**Problem requirements**: Whenever a line in the data below includes the string "shows", copy it out.

**Data supplied**:

lemma add_subgroup_subspace_plus:
  assumes "subspace V" "add_subgroup L"
  shows "add_subgroup {v + l | v l. v \<in> V \<and> l \<in> L}"
  unfolding add_subgroup_def
proof (intro conjI ballI)
  show "0 \<in> {v + l | v l. v \<in> V \<and> l \<in> L}"
    using assms subspace_0 unfolding add_subgroup_def by force
next
  fix x y assume "x \<in> {v + l | v l. v \<in> V \<and> l \<in> L}" "y \<in> {v + l | v l. v \<in> V \<and> l \<in> L}"
  then obtain v l v' l' where "x = v + l" "y = v' + l'" "v \<in> V" "l \<in> L" "v' \<in> V" "l' \<in> L"
    by blast
  moreover have "x + y = (v + v') + (l + l')" "x - y = (v - v') + (l - l')"
    using calculation by (simp_all add: algebra_simps)
  ultimately show "x + y \<in> {v + l | v l. v \<in> V \<and> l \<in> L}" "x - y \<in> {v + l | v l. v \<in> V \<and> l \<in> L}"
    using assms subspace_add subspace_diff unfolding add_subgroup_def by blast+
qed

lemma infdist_translate_add_subgroup:
  assumes "add_subgroup K" "g \<in> K"
  shows "infdist (x + g) K = infdist x K"
proof -
  have le: "infdist (y + c) K \<le> infdist y K" if "c \<in> K" for y c
  proof -
    have "infdist (y + c) K \<le> dist y a" if "a \<in> K" for a
    proof -
      have "a + c \<in> K" using assms(1) \<open>a \<in> K\<close> \<open>c \<in> K\<close> unfolding add_subgroup_def by blast
      then have "infdist (y + c) K \<le> dist (y + c) (a + c)" by (rule infdist_le)
      then show ?thesis by (simp add: dist_norm)
    qed
    moreover have "K \<noteq> {}" using \<open>c \<in> K\<close> by blast
    ultimately show ?thesis unfolding infdist_def by (auto intro: cINF_greatest)
  qed
  have "- g \<in> K" using assms unfolding add_subgroup_def by (metis diff_0)
  then have "infdist (x + g + - g) K \<le> infdist (x + g) K" by (rule le)
  then show ?thesis using le[OF assms(2), of x] by simp
qed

**Your solution**:
  shows "add_subgroup {v + l | v l. v \<in> V \<and> l \<in> L}"
  shows "infdist (x + g) K = infdist x K"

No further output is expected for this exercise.